Monthly Archives: September 2015
People are complicated.
There is nothing that turns me off a book, be it fiction or not, like a one-dimensional subject. As I stated in the last post, I’m more a fan of the latter (non-fiction), and I think this is part of the reason. People are messy, complex, ugly and vicious; they are also beautiful, inspiring and sacrificial. They are boastful about their better qualities, rendering them inert at best or at worst negating the good they do with charmless hyperbole about how great they are for doing all that good.

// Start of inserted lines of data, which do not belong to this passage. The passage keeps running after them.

(* Let $\mathcal{N}^+$ be a (metric or topological) rooted network on $X$ and let $Z\subseteq X$ with $|Z|\ge 2$. For every $x\in Z$ there is $y\in Z$ such that $\mathrm{MRCA}(\{x,y\})=\mathrm{MRCA}(Z)$.
   Context: Rooted network on $X$: connected directed acyclic graph without loops (at most two parallel edges allowed) with a root $r$ (indegree 0, outdegree 2), leaves bijectively labeled by $X$ (indegree 1, outdegree 0), tree nodes (indegree 1, outdegree 2) and hybrid nodes (indegree 2, outdegree 1). A node $v$ is above $u$ if there is a nonempty directed path from $v$ to $u$. For nonempty $Z\subseteq X$, let $D$ be the set of nodes lying on every directed path from $r$ to any $z\in Z$; $D$ is totally ordered by "above", and $\mathrm{MRCA}(Z)$ is the lowest element of $D$. *)

theory Defs
  imports Main
begin

text \<open>A directed multigraph is given by a node set V, an edge set E (edge identifiers,
  so that parallel edges are possible) and source/target maps.\<close>

definition arcs :: "'e set \<Rightarrow> ('e \<Rightarrow> 'v) \<Rightarrow> ('e \<Rightarrow> 'v) \<Rightarrow> ('v \<times> 'v) set" where
  "arcs E src tgt = {(src e, tgt e) | e. e \<in> E}"

definition indeg :: "'e set \<Rightarrow> ('e \<Rightarrow> 'v) \<Rightarrow> 'v \<Rightarrow> nat" where
  "indeg E tgt v = card {e \<in> E. tgt e = v}"

definition outdeg :: "'e set \<Rightarrow> ('e \<Rightarrow> 'v) \<Rightarrow> 'v \<Rightarrow> nat" where
  "outdeg E src v = card {e \<in> E. src e = v}"

definition leaves :: "'v set \<Rightarrow> 'e set \<Rightarrow> ('e \<Rightarrow> 'v) \<Rightarrow> ('e \<Rightarrow> 'v) \<Rightarrow> 'v set" where
  "leaves V E src tgt = {v \<in> V. indeg E tgt v = 1 \<and> outdeg E src v = 0}"

definition rooted_network ::
  "'v set \<Rightarrow> 'e set \<Rightarrow> ('e \<Rightarrow> 'v) \<Rightarrow> ('e \<Rightarrow> 'v) \<Rightarrow> 'v \<Rightarrow> 'x set \<Rightarrow> ('x \<Rightarrow> 'v) \<Rightarrow> bool" where
  "rooted_network V E src tgt r X lab \<longleftrightarrow>
     finite V \<and> finite E \<and>
     (\<forall>e\<in>E. src e \<in> V \<and> tgt e \<in> V) \<and>
     (\<forall>e\<in>E. src e \<noteq> tgt e) \<and>
     (\<forall>a b. card {e \<in> E. src e = a \<and> tgt e = b} \<le> 2) \<and>
     acyclic (arcs E src tgt) \<and>
     (\<forall>u\<in>V. \<forall>v\<in>V. (u, v) \<in> (arcs E src tgt \<union> (arcs E src tgt)\<inverse>)\<^sup>*) \<and>
     r \<in> V \<and> indeg E tgt r = 0 \<and> outdeg E src r = 2 \<and>
     (\<forall>v\<in>V - {r}.
        (indeg E tgt v = 1 \<and> outdeg E src v = 0) \<or>
        (indeg E tgt v = 1 \<and> outdeg E src v = 2) \<or>
        (indeg E tgt v = 2 \<and> outdeg E src v = 1)) \<and>
     bij_betw lab X (leaves V E src tgt)"

definition dpath :: "'v set \<Rightarrow> 'e set \<Rightarrow> ('e \<Rightarrow> 'v) \<Rightarrow> ('e \<Rightarrow> 'v) \<Rightarrow> 'v list \<Rightarrow> bool" where
  "dpath V E src tgt p \<longleftrightarrow> p \<noteq> [] \<and> set p \<subseteq> V \<and>
     (\<forall>i. Suc i < length p \<longrightarrow> (p ! i, p ! Suc i) \<in> arcs E src tgt)"

definition above :: "'e set \<Rightarrow> ('e \<Rightarrow> 'v) \<Rightarrow> ('e \<Rightarrow> 'v) \<Rightarrow> 'v \<Rightarrow> 'v \<Rightarrow> bool" where
  "above E src tgt v u \<longleftrightarrow> (v, u) \<in> (arcs E src tgt)\<^sup>+"

definition common_nodes ::
  "'v set \<Rightarrow> 'e set \<Rightarrow> ('e \<Rightarrow> 'v) \<Rightarrow> ('e \<Rightarrow> 'v) \<Rightarrow> 'v \<Rightarrow> ('x \<Rightarrow> 'v) \<Rightarrow> 'x set \<Rightarrow> 'v set" where
  "common_nodes V E src tgt r lab Z =
     {v \<in> V. \<forall>z\<in>Z. \<forall>p. dpath V E src tgt p \<and> hd p = r \<and> last p = lab z \<longrightarrow> v \<in> set p}"

definition MRCA ::
  "'v set \<Rightarrow> 'e set \<Rightarrow> ('e \<Rightarrow> 'v) \<Rightarrow> ('e \<Rightarrow> 'v) \<Rightarrow> 'v \<Rightarrow> ('x \<Rightarrow> 'v) \<Rightarrow> 'x set \<Rightarrow> 'v" where
  "MRCA V E src tgt r lab Z =
     (THE v. v \<in> common_nodes V E src tgt r lab Z \<and>
        (\<forall>u \<in> common_nodes V E src tgt r lab Z. u \<noteq> v \<longrightarrow> above E src tgt u v))"

end

theory Submission
  imports Defs
begin

text \<open>Say that u dominates v if u lies on every root path to v, so that D(S) consists of the
  common dominators of the leaves in S. The dominators of a node all lie on one root path to it,
  so they are totally ordered by ancestry, and of two dominators of the same node the higher one
  dominates the lower. Fix x \<in> Z and suppose that no MRCA({x,y}) equals w = MRCA(Z); each of
  them then lies strictly below w. The highest of them dominates lab x together with every
  MRCA({x,z}), hence dominates every MRCA({x,z}) and through it the leaf lab z. So it belongs
  to D(Z) and lies above w, contradicting acyclicity.\<close>

lemma dpath_Cons:
  "dpath V E s t (a # p) \<longleftrightarrow> a \<in> V \<and> (p \<noteq> [] \<longrightarrow> (a, hd p) \<in> arcs E s t \<and> dpath V E s t p)"
proof (cases p)
  case (Cons b q)
  have "(\<forall>i. Suc i < length (a # p) \<longrightarrow> ((a # p) ! i, (a # p) ! Suc i) \<in> arcs E s t) \<longleftrightarrow>
        (a, b) \<in> arcs E s t \<and> (\<forall>i. Suc i < length p \<longrightarrow> (p ! i, p ! Suc i) \<in> arcs E s t)"
  proof (intro iffI conjI allI impI)
    fix i
    assume "\<forall>i. Suc i < length (a # p) \<longrightarrow> ((a # p) ! i, (a # p) ! Suc i) \<in> arcs E s t"
      and "Suc i < length p"
    then show "(p ! i, p ! Suc i) \<in> arcs E s t" by (metis Suc_less_eq length_Cons nth_Cons_Suc)
  next
    fix i
    assume "(a, b) \<in> arcs E s t \<and> (\<forall>i. Suc i < length p \<longrightarrow> (p ! i, p ! Suc i) \<in> arcs E s t)"
      and "Suc i < length (a # p)"
    then show "((a # p) ! i, (a # p) ! Suc i) \<in> arcs E s t"
      using Cons by (cases i) auto
  qed (use Cons in auto)
  then show ?thesis using Cons by (auto simp: dpath_def)
qed (simp add: dpath_def)

lemma dpath_append_Cons:
  "dpath V E s t (p @ v # q) \<longleftrightarrow> dpath V E s t (p @ [v]) \<and> dpath V E s t (v # q)"
proof (induction p)
  case (Cons a p)
  have "hd (p @ v # q) = hd (p @ [v])" by (cases p) auto
  then show ?case using Cons by (auto simp: dpath_Cons)
qed (auto simp: dpath_Cons)

lemma dpath_tail_below:
  "dpath V E s t (v # p) \<Longrightarrow> u \<in> set p \<Longrightarrow> (v, u) \<in> (arcs E s t)\<^sup>+"
proof (induction p arbitrary: v)
  case (Cons c p)
  then have "(v, c) \<in> arcs E s t" "dpath V E s t (c # p)" by (auto simp: dpath_Cons)
  then show ?case using Cons by (auto intro: trancl_into_trancl2)
qed simp

lemma dpath_nodes_comparable:
  "dpath V E s t p \<Longrightarrow> a \<in> set p \<Longrightarrow> b \<in> set p \<Longrightarrow>
    a = b \<or> (a, b) \<in> (arcs E s t)\<^sup>+ \<or> (b, a) \<in> (arcs E s t)\<^sup>+"
proof (induction p)
  case (Cons c p)
  then show ?case
    using dpath_tail_below[OF Cons.prems(1)] by (cases "p = []") (auto simp: dpath_Cons)
qed simp

locale rooted_net =
  fixes V :: "'v set" and E :: "'e set" and src tgt :: "'e \<Rightarrow> 'v" and r :: 'v
    and X :: "'x set" and lab :: "'x \<Rightarrow> 'v"
  assumes net: "rooted_network V E src tgt r X lab"
begin

abbreviation A :: "('v \<times> 'v) set" where "A \<equiv> arcs E src tgt"
abbreviation dp :: "'v list \<Rightarrow> bool" where "dp \<equiv> dpath V E src tgt"
abbreviation D :: "'x set \<Rightarrow> 'v set" where "D \<equiv> common_nodes V E src tgt r lab"
abbreviation mrca :: "'x set \<Rightarrow> 'v" where "mrca \<equiv> MRCA V E src tgt r lab"

definition dominates :: "'v \<Rightarrow> 'v \<Rightarrow> bool" where
  "dominates u v \<longleftrightarrow> (\<forall>p. dp p \<and> hd p = r \<and> last p = v \<longrightarrow> u \<in> set p)"

lemma finite_arcs: "finite A"
  using net unfolding rooted_network_def arcs_def by (auto simp: setcompr_eq_image)

lemma acyclic_arcs: "acyclic A"
  using net unfolding rooted_network_def by simp

lemma above_asym: "(a, b) \<in> A\<^sup>+ \<Longrightarrow> (b, a) \<notin> A\<^sup>+"
  using acyclic_arcs by (meson acyclic_def trancl_trans)

lemma wf_arcs: "wf A"
  using finite_arcs acyclic_arcs by (rule finite_acyclic_wf)

lemma wf_converse_trancl_arcs: "wf ((A\<^sup>+)\<inverse>)"
  using finite_acyclic_wf_converse[OF finite_arcs acyclic_arcs] by (simp add: wf_trancl trancl_converse[symmetric])

lemma root_in_V: "r \<in> V"
  using net unfolding rooted_network_def by simp

lemma lab_in_V: "x \<in> X \<Longrightarrow> lab x \<in> V"
  using net bij_betw_apply unfolding rooted_network_def leaves_def by fastforce

lemma has_in_arc: "v \<in> V \<Longrightarrow> v \<noteq> r \<Longrightarrow> \<exists>u\<in>V. (u, v) \<in> A"
proof -
  assume "v \<in> V" "v \<noteq> r"
  then have "indeg E tgt v = 1 \<or> indeg E tgt v = 2" using net unfolding rooted_network_def by auto
  then have "indeg E tgt v \<noteq> 0" by auto
  then have "{e \<in> E. tgt e = v} \<noteq> {}" unfolding indeg_def by (metis card.empty)
  then obtain e where "e \<in> E" "tgt e = v" by blast
  then show ?thesis using net unfolding rooted_network_def arcs_def by auto
qed

lemma root_path_exists: "v \<in> V \<Longrightarrow> \<exists>p. dp p \<and> hd p = r \<and> last p = v"
proof (induction v rule: wf_induct[OF wf_arcs])
  case (1 v)
  show ?case
  proof (cases "v = r")
    case True
    then show ?thesis using root_in_V by (intro exI[of _ "[r]"]) (simp add: dpath_def)
  next
    case False
    then obtain u where "u \<in> V" "(u, v) \<in> A" using has_in_arc 1(2) by blast
    moreover from this obtain p where p: "dp p" "hd p = r" "last p = u" using 1(1) by blast
    moreover from p obtain p' where p': "p = p' @ [u]" by (metis append_butlast_last_id dpath_def)
    ultimately have "dp (p' @ [u, v])" using 1(2) dpath_append_Cons[of V E src tgt p' u "[v]"]
      by (simp add: dpath_Cons)
    then show ?thesis using p p' by (intro exI[of _ "p' @ [u, v]"]) (cases p', auto)
  qed
qed

lemma common_nodes_iff: "v \<in> D S \<longleftrightarrow> v \<in> V \<and> (\<forall>z\<in>S. dominates v (lab z))"
  unfolding common_nodes_def dominates_def by simp

lemma dominates_refl: "dominates v v"
  unfolding dominates_def dpath_def by (metis last_in_set)

lemma dominates_trans:
  assumes "dominates u v" "dominates v w"
  shows "dominates u w"
  unfolding dominates_def
proof (intro allI impI)
  fix p assume p: "dp p \<and> hd p = r \<and> last p = w"
  then obtain p1 p2 where p12: "p = p1 @ v # p2" using assms(2) split_list unfolding dominates_def by metis
  with p have "dp (p1 @ [v])" by (metis dpath_append_Cons)
  moreover have "hd (p1 @ [v]) = r" using p p12 by (cases p1) auto
  ultimately
  have "u \<in> set (p1 @ [v])" using assms(1) unfolding dominates_def by (metis last_snoc)
  then show "u \<in> set p" using p12 by auto
qed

I love reading about flawed assholes with hearts of gold or sacrificial fascists. People are not all bad or all good, and some people who do good are more bad than good, whatever bad and good truly mean. In my reading experience identifying with a good guy’s major flaws is an identification of ourselves in the characters. We know we sometimes suck, hard. We also know that most times we might struggle to try to do a balance of good things over evil deeds. Sometimes we do evil by trying to do the right thing. Some evil people do tremendous good or have good qualities that are overshadowed by their heinous deeds. Nothing is black and white.
Oh and by the way I AM NOT negating the existence of truly evil people. None of that Hitler was an animal lover bullshit justification. Knowing that fact, however, makes him less a caricature and in my opinion even that much more frightening and evil.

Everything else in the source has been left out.